Thursday, May 17, 2007

Adrift

In the past three weeks, Mom answered her phone for me just once.

It was a short conversation, as I was on my cell phone instead of Skype, and was sitting on the upper observation deck of the dock at the Ferry Building in San Francisco. She told me that "people" were trying to convince her to move to an assisted-living facility, and she said, "But I'm not going to, and that's that."

What she didn't tell me was that the Adult Protective Services caseworker had issued an ultimatum and given her three choices: 24/7 live-in care provider in her home, going to a personal care boarding home with my sister (so that they could stay together), or my sister going to a group home where she would have adequate round the clock care. (APS emailed me to let me know, as Ma thinks she can hide what is going on and deal with it all herself.)

Last week I wrote a letter to a mutual friend, asking him to try to remove the pistols from Ma's house. It's within my rights to do so, as Power of Attorney for her. Yesterday I talked to him, and he told me he was able to get the pistol from her desk drawer (where she'd disturbingly moved it from its former place on a high shelf in the pantry) and it was now locked in his gun cabinet.

Also yesterday, APS asked me to fax them my document showing that I have Power of Attorney over Mom, so that they can see where I might be able to help them.

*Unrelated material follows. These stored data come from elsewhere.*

primrec vars :: "bterm \<Rightarrow> nat set" where
  "vars (Var i) = {i}"
| "vars (Meet s t) = vars s \<union> vars t"
| "vars (Cpl s) = vars s"

lemma finite_vars: "finite (vars t)"
  by (induction t) auto

lemma term_eval_cong:
  "(\<And>i. i \<in> vars t \<Longrightarrow> v i = w i) \<Longrightarrow> term_eval meet compl v t = term_eval meet compl w t"
  by (induction t) auto

locale cyclic_magma =
  fixes meet :: "'a \<Rightarrow> 'a \<Rightarrow> 'a"  (infixl "\<^bold>\<sqinter>" 70)
  assumes cyclic: "(x \<^bold>\<sqinter> y) \<^bold>\<sqinter> z = (y \<^bold>\<sqinter> z) \<^bold>\<sqinter> x"
    and ex_meet_eq: "\<exists>a b. x = a \<^bold>\<sqinter> b"
begin

lemma right_nested_swap: "x \<^bold>\<sqinter> (y \<^bold>\<sqinter> z) = z \<^bold>\<sqinter> (y \<^bold>\<sqinter> x)"
  by (metis cyclic ex_meet_eq)

lemma right_nested_left_commute: "x \<^bold>\<sqinter> (y \<^bold>\<sqinter> z) = y \<^bold>\<sqinter> (x \<^bold>\<sqinter> z)"
  by (metis cyclic ex_meet_eq right_nested_swap)
(* Let $G$ be a group, $N\trianglelefteq G$ a normal subgroup and $\mathcal{H}$ a family of proper subgroups of $G$. If $\mathcal{H}$ is strongly divided by $N$, then there is a homotopy equivalence $$\operatorname{CC}(G,\mathcal{H})\simeq \operatorname{CC}(G/N,\overline{\mathcal{H}})\ast\operatorname{CC}(N,\mathcal{H}\cap N).$$
   Context: For a group $G$ and a family $\mathcal{K}$ of subgroups, the coset complex $\operatorname{CC}(G,\mathcal{K})$ is the simplicial complex whose vertices are the cosets $gK$ ($g\in G$, $K\in\mathcal{K}$; cosets of different members of $\mathcal{K}$ are different vertices) and where a finite set of vertices spans a simplex iff the cosets have nonempty common intersection; homotopy equivalences and joins ($\ast$) refer to geometric realisations. Write $\mathcal{H}=\mathcal{H}_N\sqcup\mathcal{H}^N$ with $\mathcal{H}_N=\{H\in\mathcal{H}: HN\neq G\}$ and $\mathcal{H}^N=\{K\in\mathcal{H}: KN=G\}$. For $H\le G$ let $\overline{H}$ be its image in $G/N$. Set $\overline{\mathcal{H}}=\{\overline{H}: H\in\mathcal{H}_N\}$ and $\mathcal{H}\cap N=\{K\cap N: K\in\mathcal{H}^N\}$. $\mathcal{H}$ is strongly divided by $N$ if (1) $N\subseteq H$ for all $H\in\mathcal{H}_N$, and (2) $(K_1\cap\dots\cap K_m)N=G$ for all finite collections $K_1,\dots,K_m\in\mathcal{H}^N$. *)

theory Defs
  imports "HOL-Analysis.Analysis" "HOL-Algebra.Algebra"
begin
lemma F_C_admissible_posterior:
  assumes pX: "is_dist pX" and q: "is_channel q" and adm: "F_C_admissible pX pYX q r"
    and rstar: "\<forall>x y. (\<Sum>x'\<in>UNIV. pX x' * q x' y) > 0 \<longrightarrow>
               rstar y x = pX x * q x y / (\<Sum>x'\<in>UNIV. pX x' * q x' y)"
  shows "F_C_admissible pX pYX q rstar"
  unfolding F_C_admissible_def
proof (intro allI impI conjI)
  fix x y assume P: "pX x * q x y \<noteq> 0"
  then show "pYX x y \<noteq> 0" using adm by (simp add: F_C_admissible_def)
  have nonneg: "0 \<le> pX x' * q x' y" for x'
    using pX q by (simp add: is_dist_def is_channel_def)
  then have "0 < pX x * q x y" using P by (simp add: order.strict_iff_order)
  moreover have "pX x * q x y \<le> (\<Sum>x'\<in>UNIV. pX x' * q x' y)"
    by (rule member_le_sum) (simp_all add: nonneg)
  ultimately show "rstar y x \<noteq> 0" using rstar by auto
qed

lemma sum_F_C_term_le_posterior:
  fixes pX :: "'x::finite \<Rightarrow> real" and q :: "'x \<Rightarrow> 'y::finite \<Rightarrow> real"
  assumes pX: "is_dist pX" and q: "is_channel q" and r: "is_channel r"
    and adm: "F_C_admissible pX pYX q r"
    and rstar: "\<forall>x y. (\<Sum>x'\<in>UNIV. pX x' * q x' y) > 0 \<longrightarrow>
               rstar y x = pX x * q x y / (\<Sum>x'\<in>UNIV. pX x' * q x' y)"
  shows "(\<Sum>(x, y)\<in>UNIV. F_C_term \<alpha> pX pYX q r x y) \<le> (\<Sum>(x, y)\<in>UNIV. F_C_term \<alpha> pX pYX q rstar x y)"
proof -
  define qY where "qY y = (\<Sum>x\<in>UNIV. pX x * q x y)" for y
  define a where "a = (\<lambda>(x, y). pX x * q x y)"
  define b where "b = (\<lambda>(x, y). qY y * r y x)"
  have pX0: "0 \<le> pX x" for x using pX by (simp add: is_dist_def)
  have q0: "0 \<le> q x y" for x y using q by (simp add: is_channel_def is_dist_def)
  have r0: "0 \<le> r y x" for x y using r by (simp add: is_channel_def is_dist_def)
  have qY0: "0 \<le> qY y" for y unfolding qY_def using pX0 q0 by (simp add: sum_nonneg)
  have pos: "0 < pX x \<and> 0 < q x y \<and> 0 < r y x \<and> 0 < qY y" if "pX x \<noteq> 0" "q x y \<noteq> 0" for x y
  proof -
    have px: "0 < pX x" and qx: "0 < q x y" and "r y x \<noteq> 0"
      using that adm pX0[of x] q0[of x y] by (auto simp: F_C_admissible_def order.strict_iff_order)
    have "0 < pX x * q x y" using px qx by simp
    also have "\<dots> \<le> qY y"
      unfolding qY_def by (rule member_le_sum) (simp_all add: pX0 q0)
    finally have "0 < qY y" .
    with px qx \<open>r y x \<noteq> 0\<close> r0[of y x] show ?thesis by (simp add: order.strict_iff_order)
  qed
  define gap where "gap i = (if a i = 0 then 0 else a i * ln (b i / a i))" for i
  have split_term: "F_C_term \<alpha> pX pYX q r x y = F_C_term \<alpha> pX pYX q rstar x y + gap (x, y)" for x y
  proof (cases "a (x, y) = 0")
    case False
    with pos have "0 < pX x" "0 < q x y" "0 < r y x" "0 < qY y" by (auto simp: a_def)
    moreover have "rstar y x = pX x * q x y / qY y" using rstar \<open>0 < qY y\<close> by (simp add: qY_def)
    ultimately show ?thesis using False
      by (simp add: F_C_term_def gap_def a_def b_def ln_div ln_mult algebra_simps)
  qed (simp add: F_C_term_def gap_def a_def)
  have "sum gap UNIV \<le> sum b UNIV - sum a UNIV"
    unfolding gap_def by (rule gibbs_inequality) (auto simp: a_def b_def pX0 q0 r0 qY0 dest!: pos)
  also have "sum b UNIV = sum a UNIV"
  proof -
    have "sum b UNIV = (\<Sum>y\<in>UNIV. qY y * (\<Sum>x\<in>UNIV. r y x))"
      unfolding b_def sum_UNIV_prod sum_distrib_left by (rule sum.swap)
    also have "\<dots> = (\<Sum>y\<in>UNIV. \<Sum>x\<in>UNIV. pX x * q x y)"
      using r by (simp add: is_channel_def is_dist_def qY_def)
    also have "\<dots> = sum a UNIV"
      unfolding a_def sum_UNIV_prod by (rule sum.swap[symmetric])
    finally show ?thesis .
  qed
  finally show ?thesis
    by (simp add: split_term sum.distrib case_prod_beta)
qed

Indeed, according to the document, I could have Mom placed in a care facility, no matter what she wants. But that would, at this time, be rash. Mom can take care of herself, still -- but she can't still take care of my sister. And my POA has no authority over my sister. I can voice my opinion (and that would be that Jan go to the group home -- my God, she might even end up having nice people around her) but that is all.

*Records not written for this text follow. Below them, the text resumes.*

(* For a unital commutative semiring $X$, the following are equivalent: (1) $X$ is fully elementary, upper-bound and $2$-cancellative; (2) $X$ is Frobenius and idempotent.
   Context: A semiring $(X,+,0,\cdot)$: $(X,+,0)$ commutative monoid, $(X,\cdot)$ semigroup, distributivity, $0$ absorbing. Unital: has a multiplicative unit $1$; commutative: $\cdot$ commutative; idempotent: $x+x=x$ for all $x$. Intrinsic order: $a\le b$ iff $a+x=b$ for some $x\in X$; $X$ is upper-bound if this preorder is antisymmetric. $X$ is $2$-cancellative if $x+x=y+y$ implies $x=y$. $X$ is Frobenius if $(x+y)^n=x^n+y^n$ for all $x,y\in X$ and all integers $n\ge1$. Polynomials in $n$ variables are functions $X^n\to X$ represented by formal expressions $\sum_{k=1}^m a_k\prod_{j=1}^n x_j^{d_{k,j}}$ ($a_k\in X$). A polynomial is symmetric if represented by an expression which, with each monomial $a_k\prod_j x_j^{d_{k,j}}$, contains all monomials $a_k\prod_j x_{\sigma(j)}^{d_{k,j}}$, $\sigma\in S_n$ (up to reordering factors). $e_j$ ($1\le j\le n$) is the sum of all products of $j$ distinct variables among $x_1,\dots,x_n$. $X$ is $n$-elementary if every symmetric polynomial $p$ in $n$ variables can be written as $p(x_1,\dots,x_n)=r(e_1,\dots,e_n)$ for some polynomial $r$, for all $x_i\in X$; $X$ is fully elementary if it is $n$-elementary for every $n\in\mathbb{N}$. *)

theory Defs
  imports "HOL-Combinatorics.Permutations" "HOL-Library.Multiset"
begin

text \<open>Unital commutative semirings (possibly trivial, i.e. 0 = 1 allowed) are the
  type class combination {comm_semiring_0, comm_monoid_mult}.\<close>

text \<open>A formal polynomial expression in n variables x_0..x_(n-1) is a list of monomials
  (a, d): coefficient a and exponent vector d (only d j for j < n is relevant).\<close>

type_synonym 'a poly_expr = "('a \<times> (nat \<Rightarrow> nat)) list"

definition poly_eval :: "nat \<Rightarrow> ('a::{comm_semiring_0, comm_monoid_mult}) poly_expr \<Rightarrow> (nat \<Rightarrow> 'a) \<Rightarrow> 'a" where
  "poly_eval n ps x = (\<Sum>(a, d) \<leftarrow> ps. a * (\<Prod>j<n. x j ^ d j))"

definition symmetric_expr :: "nat \<Rightarrow> 'a poly_expr \<Rightarrow> bool" where
  "symmetric_expr n ps \<longleftrightarrow>
     (\<forall>\<sigma>. \<sigma> permutes {..<n} \<longrightarrow> mset (map (\<lambda>(a, d). (a, d \<circ> \<sigma>)) ps) = mset ps)"

definition elem_sym :: "nat \<Rightarrow> nat \<Rightarrow> (nat \<Rightarrow> 'a::{comm_semiring_0, comm_monoid_mult}) \<Rightarrow> 'a" where
  "elem_sym n k x = (\<Sum>S\<in>{S. S \<subseteq> {..<n} \<and> card S = k}. \<Prod>i\<in>S. x i)"

definition n_elementary :: "'a::{comm_semiring_0, comm_monoid_mult} itself \<Rightarrow> nat \<Rightarrow> bool" where
  "n_elementary _ n \<longleftrightarrow>
     (\<forall>ps :: 'a poly_expr. symmetric_expr n ps \<longrightarrow>
        (\<exists>rs :: 'a poly_expr. \<forall>x :: nat \<Rightarrow> 'a.
            poly_eval n ps x = poly_eval n rs (\<lambda>j. elem_sym n (Suc j) x)))"

definition fully_elementary :: "'a::{comm_semiring_0, comm_monoid_mult} itself \<Rightarrow> bool" where
  "fully_elementary T \<longleftrightarrow> (\<forall>n. n_elementary T n)"

definition intr_le :: "'a::comm_monoid_add \<Rightarrow> 'a \<Rightarrow> bool" where
  "intr_le a b \<longleftrightarrow> (\<exists>x. a + x = b)"

definition sr_upper_bound :: "'a::comm_monoid_add itself \<Rightarrow> bool" where
  "sr_upper_bound _ \<longleftrightarrow> (\<forall>a b :: 'a. intr_le a b \<and> intr_le b a \<longrightarrow> a = b)"

definition sr_two_cancellative :: "'a::comm_monoid_add itself \<Rightarrow> bool" where
  "sr_two_cancellative _ \<longleftrightarrow> (\<forall>x y :: 'a. x + x = y + y \<longrightarrow> x = y)"

definition sr_frobenius :: "'a::{comm_semiring_0, comm_monoid_mult} itself \<Rightarrow> bool" where
  "sr_frobenius _ \<longleftrightarrow> (\<forall>(x::'a) y (n::nat). n \<ge> 1 \<longrightarrow> (x + y) ^ n = x ^ n + y ^ n)"

definition sr_idempotent :: "'a::comm_monoid_add itself \<Rightarrow> bool" where
  "sr_idempotent _ \<longleftrightarrow> (\<forall>x :: 'a. x + x = x)"

end

theory Submission
  imports Defs
begin

(*
  (1) ==> (2): the power sum x0^N + x1^N is symmetric, so it equals r(e1, e2) for some polynomial r.
  Evaluating at (x + y, 0) gives (x + y)^N = r(x + y, 0), which lies below r(x + y, xy) = x^N + y^N
  in the intrinsic order, because substituting 0 for a variable can only lower a polynomial. Since
  x^N + y^N <= (x + y)^N holds in every semiring, upper-boundedness yields the Frobenius law; for
  N = 2 and x = y = 1 it reads 4 = 2, and 2-cancellativity turns this into 1 + 1 = 1.

  (2) ==> (1): with idempotent addition the intrinsic order is a <= b <-> a + b = b, which is
  antisymmetric, and a symmetric polynomial is a linear combination of orbit sums m_d of monomials.
  Let S be the support of d, k = |S| and c the least exponent on S. By the Frobenius law
  e_k^c = sum over |S'| = k of prod_{i in S'} x_i^c, and m_d = e_k^c * m_d' where d' lowers d by c on S:
  the orbit of d occurs among the terms of the product, and every other term is dominated by m_d,
  since moving the extra exponent c onto a variable of larger exponent is justified by the exchange
  inequality x^(c+p) y^q <= x^p y^(c+q) + x^(c+q) y^p (p <= q), which is x^p y^p times
  x^c y^(q-p) <= (x + y)^(c+q-p) = x^(c+q-p) + y^(c+q-p). Induction on the size of the support expresses every m_d through
  e_1, ..., e_n.
*)

section \<open>The intrinsic order\<close>

lemma sr_idempotentD: "sr_idempotent TYPE('a::comm_monoid_add) \<Longrightarrow> (x::'a) + x = x"
  by (simp add: sr_idempotent_def)

lemma sr_frobeniusD:
  "sr_frobenius TYPE('a::{comm_semiring_0,comm_monoid_mult}) \<Longrightarrow> n \<ge> 1 \<Longrightarrow> ((x::'a) + y) ^ n = x ^ n + y ^ n"
  by (simp add: sr_frobenius_def)

lemma intr_le_refl: "intr_le a a"
  unfolding intr_le_def by (metis add_0_right)

lemma intr_le_0: "intr_le 0 a"
  unfolding intr_le_def by simp

lemma intr_le_trans [trans]: "intr_le a b \<Longrightarrow> intr_le b c \<Longrightarrow> intr_le a c"
  unfolding intr_le_def by (metis add.assoc)

lemma intr_le_add_right: "intr_le a (a + b)"
  unfolding intr_le_def by blast

lemma intr_le_add_left: "intr_le b (a + b)"
  unfolding intr_le_def by (metis add.commute)

lemma intr_le_add_mono: "intr_le a b \<Longrightarrow> intr_le c d \<Longrightarrow> intr_le (a + c) (b + d)"
  unfolding intr_le_def by (metis add.assoc add.commute)

lemma intr_le_mult_left: "intr_le a b \<Longrightarrow> intr_le (c * a) (c * (b::'a::semiring_0))"
  unfolding intr_le_def by (metis distrib_left)

lemma intr_le_sum_mem: "finite I \<Longrightarrow> i \<in> I \<Longrightarrow> intr_le (f i) (sum f I)"
  by (simp add: sum.remove intr_le_add_right)

lemma idem_intr_le_iff:
  assumes "sr_idempotent TYPE('a::comm_monoid_add)"
  shows "intr_le (a::'a) b \<longleftrightarrow> a + b = b"
  unfolding intr_le_def by (metis add.assoc sr_idempotentD[OF assms])

lemma idem_intr_le_antisym:
  "sr_idempotent TYPE('a::comm_monoid_add) \<Longrightarrow> intr_le (a::'a) b \<Longrightarrow> intr_le b a \<Longrightarrow> a = b"
  by (metis add.commute idem_intr_le_iff)

lemma idem_sum_const:
  assumes "sr_idempotent TYPE('a::comm_monoid_add)" "finite I" "I \<noteq> {}"
  shows "(\<Sum>i\<in>I. a) = (a::'a)"
  using assms(2,3) by (induction I rule: finite_ne_induct) (simp_all add: sr_idempotentD[OF assms(1)])

lemma idem_sum_permutations_const:
  assumes "sr_idempotent TYPE('a::comm_monoid_add)" "finite S"
  shows "(\<Sum>\<sigma> | \<sigma> permutes S. a) = (a::'a)"
proof (rule idem_sum_const[OF assms(1) finite_permutations[OF assms(2)]])
  show "{\<sigma>. \<sigma> permutes S} \<noteq> {}" using permutes_id by blast
qed

lemma idem_add_intr_le:
  "sr_idempotent TYPE('a::comm_monoid_add) \<Longrightarrow> intr_le a (c::'a) \<Longrightarrow> intr_le b c \<Longrightarrow> intr_le (a + b) c"
  by (metis intr_le_add_mono sr_idempotentD)

lemma idem_sum_le:
  assumes "sr_idempotent TYPE('a::comm_monoid_add)" "finite I" "\<And>i. i \<in> I \<Longrightarrow> intr_le (f i) (b::'a)"
  shows "intr_le (sum f I) b"
  using assms(2,3)
  by (induction I rule: finite_induct)
     (simp_all add: intr_le_0 idem_add_intr_le[OF assms(1)])

lemma idempotent_upper_bound: "sr_idempotent TYPE('a::comm_monoid_add) \<Longrightarrow> sr_upper_bound TYPE('a)"
  unfolding sr_upper_bound_def using idem_intr_le_antisym by blast

lemma idempotent_two_cancellative: "sr_idempotent TYPE('a::comm_monoid_add) \<Longrightarrow> sr_two_cancellative TYPE('a)"
  unfolding sr_two_cancellative_def by (simp add: sr_idempotentD)

section \<open>Binomial inequalities\<close>

lemma mult_pow_intr_le_pow_add:
  fixes x y :: "'a::{comm_semiring_0,comm_monoid_mult}"
  shows "intr_le (x ^ c * y ^ m) ((x + y) ^ (c + m))"
proof (induction c)
  case 0
  show ?case
  proof (induction m)
    case (Suc m)
    have "intr_le (y * y ^ m) (y * (x + y) ^ m)" using Suc intr_le_mult_left by simp
    then show ?case by (simp add: distrib_right intr_le_trans[OF _ intr_le_add_left])
  qed (simp add: intr_le_refl)
next
  case (Suc c)
  have "intr_le (x * (x ^ c * y ^ m)) (x * (x + y) ^ (c + m))" using Suc intr_le_mult_left by blast
  then show ?case by (simp add: distrib_right mult.assoc intr_le_trans[OF _ intr_le_add_right])
qed

lemma pow_add_intr_le_pow:
  fixes x y :: "'a::{comm_semiring_0,comm_monoid_mult}"
  shows "n \<ge> 1 \<Longrightarrow> intr_le (x ^ n + y ^ n) ((x + y) ^ n)"
proof (induction n rule: nat_induct_at_least)
  case base then show ?case by (simp add: intr_le_refl)
next
  case (Suc n)
  then obtain z where z: "x ^ n + y ^ n + z = (x + y) ^ n" unfolding intr_le_def by blast
  have "(x + y) ^ Suc n = x ^ Suc n + y ^ Suc n + (x * y ^ n + y * x ^ n + (x + y) * z)"
    by (simp flip: z add: algebra_simps)
  then show ?case unfolding intr_le_def by metis
qed

lemma frobenius_sum_pow:
  assumes "sr_frobenius TYPE('a::{comm_semiring_0,comm_monoid_mult})" "c \<ge> 1"
  shows "(sum u I :: 'a) ^ c = (\<Sum>i\<in>I. u i ^ c)"
proof -
  have "(0::'a) ^ c = 0" using assms(2) by (cases c) auto
  then show ?thesis
    by (induction I rule: infinite_finite_induct) (simp_all add: sr_frobeniusD[OF assms])
qed

lemma frobenius_exchange:
  assumes "sr_frobenius TYPE('a::{comm_semiring_0,comm_monoid_mult})" "p \<le> q"
  shows "intr_le ((x::'a) ^ (c + p) * y ^ q) (x ^ p * y ^ (c + q) + x ^ (c + q) * y ^ p)"
proof -
  obtain m where q: "q = p + m" using assms(2) le_Suc_ex by blast
  have "intr_le (x ^ c * y ^ m) (x ^ (c + m) + y ^ (c + m))"
  proof (cases "c + m = 0")
    case True then show ?thesis by (simp add: intr_le_add_right)
  next
    case False
    then have "(x + y) ^ (c + m) = x ^ (c + m) + y ^ (c + m)"
      by (intro sr_frobeniusD[OF assms(1)]) (use False in linarith)
    then show ?thesis
      using mult_pow_intr_le_pow_add[of x c y m] by simp
  qed
  from intr_le_mult_left[OF this, of "x ^ p * y ^ p"]
  show ?thesis unfolding q by (simp add: power_add algebra_simps)
qed

section \<open>Orbit sums of monomials\<close>

definition monomial :: "nat \<Rightarrow> (nat \<Rightarrow> nat) \<Rightarrow> (nat \<Rightarrow> 'a::comm_monoid_mult) \<Rightarrow> 'a" where
  "monomial n d x = (\<Prod>j<n. x j ^ d j)"

lemma poly_eval_Nil [simp]: "poly_eval n [] y = 0"
  by (simp add: poly_eval_def)

lemma poly_eval_Cons [simp]: "poly_eval n ((a, d) # ps) y = a * monomial n d y + poly_eval n ps y"
  by (simp add: poly_eval_def monomial_def)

The Pistol-Mover told me that Mom is getting really angry that I am in touch with the caseworkers -- and him -- and in her increasing confusion, can't figure out how I'm getting information about her. She's pissed, and the disease just accentuates her lifelong penchant for getting really nasty when she doesn't "win."

And I don't think there is any way she can win this one.

My creative flow is non-existent. I just feel like I'm waiting for the phone to ring, and know beforehand it's going to be sad news.